**Problem to work on**
Please output the section of the listing below that opens with the line containing "digraph \<Rightarrow> 'v \<Rightarrow>" and closes with the line containing "text \<open>Total: the", exactly and with nothing else.

**Data to examine**

(* Let $n\ge2$, let $f$ be a $\gamma_{tr2}(P_2\square P_n)$-function such that the number of vertices $v$ with $f(v)=\emptyset$ is minimum among all $\gamma_{tr2}(P_2\square P_n)$-functions, and let $a_j=|f((0,j))|+|f((1,j))|$ for $j\in\{0,\dots,n-1\}$. Then $a_j+a_{j+1}\ge3$ for every $j\in\{0,1,\dots,n-2\}$.
   Context: $P_m$ denotes the directed path with vertex set $\{0,1,\dots,m-1\}$ and arcs $(i,i+1)$ for $0\le i\le m-2$. The Cartesian product $D_1\square D_2$ has vertex set $V(D_1)\times V(D_2)$, with an arc from $(x_1,y_1)$ to $(x_2,y_2)$ iff either $(x_1,x_2)$ is an arc of $D_1$ and $y_1=y_2$, or $x_1=x_2$ and $(y_1,y_2)$ is an arc of $D_2$. For a digraph $D$ and positive integer $k$, a $k$-rainbow dominating function on $D$ is $f:V(D)\to\mathcal P(\{1,\dots,k\})$ such that every $v$ with $f(v)=\emptyset$ satisfies $\bigcup_{u\in N^-(v)}f(u)=\{1,\dots,k\}$, where $N^-(v)$ is the set of in-neighbors of $v$; its weight is $\sum_v|f(v)|$. It is total if additionally the subdigraph induced by $\{v:f(v)\ne\emptyset\}$ has no isolated vertex (a vertex with neither in- nor out-neighbors in it). $\gamma_{trk}(D)$ is the minimum weight of a total $k$-rainbow dominating function, and a $\gamma_{trk}(D)$-function is one attaining it. *)

theory Defs
  imports Main
begin

type_synonym 'v digraph = "'v set \<times> ('v \<times> 'v) set"

definition verts :: "'v digraph \<Rightarrow> 'v set" where "verts D = fst D"
definition arcs :: "'v digraph \<Rightarrow> ('v \<times> 'v) set" where "arcs D = snd D"

definition dipath :: "nat \<Rightarrow> nat digraph" where
  "dipath m = ({0..<m}, {(i, i+1) | i. i + 1 < m})"

definition cart_prod :: "'a digraph \<Rightarrow> 'b digraph \<Rightarrow> ('a \<times> 'b) digraph" where
  "cart_prod D1 D2 = (verts D1 \<times> verts D2,
     {((x1, y), (x2, y)) | x1 x2 y. (x1, x2) \<in> arcs D1 \<and> y \<in> verts D2}
   \<union> {((x, y1), (x, y2)) | x y1 y2. x \<in> verts D1 \<and> (y1, y2) \<in> arcs D2})"

definition in_nbrs :: "'v digraph \<Rightarrow> 'v \<Rightarrow> 'v set" where
  "in_nbrs D v = {u. (u, v) \<in> arcs D}"

definition rainbow_dom :: "nat \<Rightarrow> 'v digraph \<Rightarrow> ('v \<Rightarrow> nat set) \<Rightarrow> bool" where
  "rainbow_dom k D f \<longleftrightarrow>
     (\<forall>v \<in> verts D. f v \<subseteq> {1..k}) \<and>
     (\<forall>v \<in> verts D. f v = {} \<longrightarrow> (\<Union>u \<in> in_nbrs D v. f u) = {1..k})"

text \<open>Total: the subdigraph induced by vertices with nonempty label has no isolated vertex.\<close>
definition total_rainbow_dom :: "nat \<Rightarrow> 'v digraph \<Rightarrow> ('v \<Rightarrow> nat set) \<Rightarrow> bool" where
  "total_rainbow_dom k D f \<longleftrightarrow> rainbow_dom k D f \<and>
     (\<forall>v \<in> verts D. f v \<noteq> {} \<longrightarrow>
        (\<exists>u \<in> verts D. f u \<noteq> {} \<and> ((u, v) \<in> arcs D \<or> (v, u) \<in> arcs D)))"

definition rd_weight :: "'v digraph \<Rightarrow> ('v \<Rightarrow> nat set) \<Rightarrow> nat" where
  "rd_weight D f = (\<Sum>v \<in> verts D. card (f v))"

definition gamma_trk :: "nat \<Rightarrow> 'v digraph \<Rightarrow> nat" where
  "gamma_trk k D = (LEAST w. \<exists>f. total_rainbow_dom k D f \<and> rd_weight D f = w)"

definition is_gamma_trk_function :: "nat \<Rightarrow> 'v digraph \<Rightarrow> ('v \<Rightarrow> nat set) \<Rightarrow> bool" where
  "is_gamma_trk_function k D f \<longleftrightarrow>
     total_rainbow_dom k D f \<and> rd_weight D f = gamma_trk k D"

definition num_empty :: "'v digraph \<Rightarrow> ('v \<Rightarrow> nat set) \<Rightarrow> nat" where
  "num_empty D f = card {v \<in> verts D. f v = {}}"

end

theory Submission
  imports Defs
begin

text \<open>Suppose columns \<open>j\<close> and \<open>j + 1\<close> of \<open>P\<^sub>2 \<box> P\<^sub>n\<close> carry weight at most 2. Domination of
  \<open>(0, j + 1)\<close> and \<open>(1, j + 1)\<close> forces \<open>f (0, j) = {}\<close> and \<open>f (0, j + 1) \<noteq> {}\<close>; then \<open>(0, j)\<close>
  must be dominated by its only in-neighbour, so \<open>j > 0\<close> and \<open>f (0, j - 1) = {1, 2}\<close>, and totality
  gives \<open>f (1, j - 1) \<noteq> {}\<close>. Relabelling \<open>(0, j - 1)\<close> and \<open>(0, j)\<close> both with \<open>{1}\<close> yields a
  total 2-rainbow dominating function of the same weight with fewer empty vertices.\<close>


lemma rd_weight_fun_upd:
  assumes "finite (verts D)" and "v \<in> verts D"
  shows "rd_weight D (f(v := A)) + card (f v) = rd_weight D f + card A"
proof -
  have rest: "(\<Sum>w\<in>verts D - {v}. card ((f(v := A)) w)) = (\<Sum>w\<in>verts D - {v}. card (f w))"
    by (rule sum.cong) auto
  show ?thesis
    unfolding rd_weight_def sum.remove[OF assms, of "\<lambda>w. card ((f(v := A)) w)"]
      sum.remove[OF assms, of "\<lambda>w. card (f w)"] rest
    by simp
qed

lemma rd_weight_fun_upd2:
  assumes "finite (verts D)" and "u \<in> verts D" and "v \<in> verts D" and "u \<noteq> v"
  shows "rd_weight D (f(u := A, v := B)) + card (f u) + card (f v) = rd_weight D f + card A + card B"
  using rd_weight_fun_upd[OF assms(1,3), of "f(u := A)" B] rd_weight_fun_upd[OF assms(1,2), of f A] assms(4)
  by simp

lemma num_empty_fun_upd2_less:
  assumes "finite (verts D)" and "v \<in> verts D" and "f v = {}" and "A \<noteq> {}" and "B \<noteq> {}"
  shows "num_empty D (f(u := A, v := B)) < num_empty D f"
  unfolding num_empty_def using assms by (intro psubset_card_mono) auto

lemma rainbow_dom_finite_label:
  "rainbow_dom k D f \<Longrightarrow> v \<in> verts D \<Longrightarrow> finite (f v)"
  unfolding rainbow_dom_def by (meson finite_atLeastAtMost finite_subset)

lemma rainbow_dom_empty_dominated:
  "rainbow_dom k D f \<Longrightarrow> v \<in> verts D \<Longrightarrow> f v = {} \<Longrightarrow> (\<Union>u\<in>in_nbrs D v. f u) = {1..k}"
  unfolding rainbow_dom_def by blast

lemma rainbow_dom_le_sum_in_nbrs:
  assumes "rainbow_dom k D f" and "v \<in> verts D" and "f v = {}" and "finite (in_nbrs D v)"
  shows "k \<le> (\<Sum>u\<in>in_nbrs D v. card (f u))"
proof -
  have "(\<Union>u\<in>in_nbrs D v. f u) = {1..k}"
    using rainbow_dom_empty_dominated[OF assms(1-3)] .
  then show ?thesis
    using card_UN_le[OF assms(4), of f] by simp
qed

abbreviation ladder :: "nat \<Rightarrow> (nat \<times> nat) digraph" where
  "ladder n \<equiv> cart_prod (dipath 2) (dipath n)"

lemma verts_ladder: "verts (ladder n) = {0..<2} \<times> {0..<n}"
  by (simp add: cart_prod_def verts_def dipath_def)

lemma arcs_ladder:
  "((a, b), (c, d)) \<in> arcs (ladder n) \<longleftrightarrow>
     d < n \<and> ((a = 0 \<and> c = 1 \<and> d = b) \<or> (c = a \<and> a < 2 \<and> d = Suc b))"
  by (auto simp add: cart_prod_def verts_def arcs_def dipath_def)

lemma mem_in_nbrs_ladder:
  "(a, b) \<in> in_nbrs (ladder n) (c, d) \<longleftrightarrow>
     d < n \<and> ((a = 0 \<and> c = 1 \<and> d = b) \<or> (c = a \<and> a < 2 \<and> d = Suc b))"
  by (simp add: in_nbrs_def arcs_ladder)

lemma in_nbrs_ladder:
  "in_nbrs (ladder n) (0, 0) = {}"
  "Suc j < n \<Longrightarrow> in_nbrs (ladder n) (0, Suc j) = {(0, j)}"
  "Suc j < n \<Longrightarrow> in_nbrs (ladder n) (1, Suc j) = {(0, Suc j), (1, j)}"
  by (auto simp: mem_in_nbrs_ladder)

lemma rainbow_dom_ladder_empty_iff:
  assumes "rainbow_dom k (ladder n) f" and "a < 2" and "b < n"
  shows "f (a, b) = {} \<longleftrightarrow> card (f (a, b)) = 0"
  using rainbow_dom_finite_label[OF assms(1)] assms(2,3) by (simp add: verts_ladder)

lemma light_columns_top:
  assumes f: "rainbow_dom 2 (ladder n) f" and j: "Suc j < n"
    and light: "card (f (0, j)) + card (f (1, j)) + card (f (0, Suc j)) + card (f (1, Suc j)) \<le> 2"
  shows "f (0, Suc j) \<noteq> {}" and "f (0, j) = {}"
proof -
  have vert: "(a, b) \<in> verts (ladder n)" if "a < 2" "b < n" for a b
    using that by (simp add: verts_ladder)
  have empty_iff: "f (a, b) = {} \<longleftrightarrow> card (f (a, b)) = 0" if "a < 2" "b < n" for a b
    using rainbow_dom_ladder_empty_iff[OF f that] .
  have top_right: "card (f (0, Suc j)) = 0 \<Longrightarrow> 2 \<le> card (f (0, j))"
    using rainbow_dom_le_sum_in_nbrs[OF f vert[of 0 "Suc j"]] empty_iff[of 0 "Suc j"] j
    by (simp add: in_nbrs_ladder)
  have bottom_right: "card (f (1, Suc j)) = 0 \<Longrightarrow> 2 \<le> card (f (0, Suc j)) + card (f (1, j))"
    using rainbow_dom_le_sum_in_nbrs[OF f vert[of 1 "Suc j"]] empty_iff[of 1 "Suc j"] j
    unfolding in_nbrs_ladder(3)[OF j] by simp
  have "card (f (0, Suc j)) \<noteq> 0" and "card (f (0, j)) = 0"
    using top_right bottom_right light by arith+
  then show "f (0, Suc j) \<noteq> {}" and "f (0, j) = {}"
    using empty_iff j by auto
qed

lemma total_rainbow_dom_ladder_neighbour:
  assumes "total_rainbow_dom k (ladder n) f" and "Suc i < n" and "f (1, Suc i) \<noteq> {}"
  shows "f (0, Suc i) \<noteq> {} \<or> f (1, i) \<noteq> {} \<or> (Suc (Suc i) < n \<and> f (1, Suc (Suc i)) \<noteq> {})"
proof -
  have "(1, Suc i) \<in> verts (ladder n)"
    using assms(2) by (simp add: verts_ladder)
  then obtain u where "f u \<noteq> {}"
    and "(u, (1, Suc i)) \<in> arcs (ladder n) \<or> ((1, Suc i), u) \<in> arcs (ladder n)"
    using assms(1,3) unfolding total_rainbow_dom_def by blast
  then show ?thesis
    by (cases u) (auto simp: arcs_ladder)
qed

**Solution to this problem**
definition in_nbrs :: "'v digraph \<Rightarrow> 'v \<Rightarrow> 'v set" where
  "in_nbrs D v = {u. (u, v) \<in> arcs D}"

definition rainbow_dom :: "nat \<Rightarrow> 'v digraph \<Rightarrow> ('v \<Rightarrow> nat set) \<Rightarrow> bool" where
  "rainbow_dom k D f \<longleftrightarrow>
     (\<forall>v \<in> verts D. f v \<subseteq> {1..k}) \<and>
     (\<forall>v \<in> verts D. f v = {} \<longrightarrow> (\<Union>u \<in> in_nbrs D v. f u) = {1..k})"

text \<open>Total: the subdigraph induced by vertices with nonempty label has no isolated vertex.\<close>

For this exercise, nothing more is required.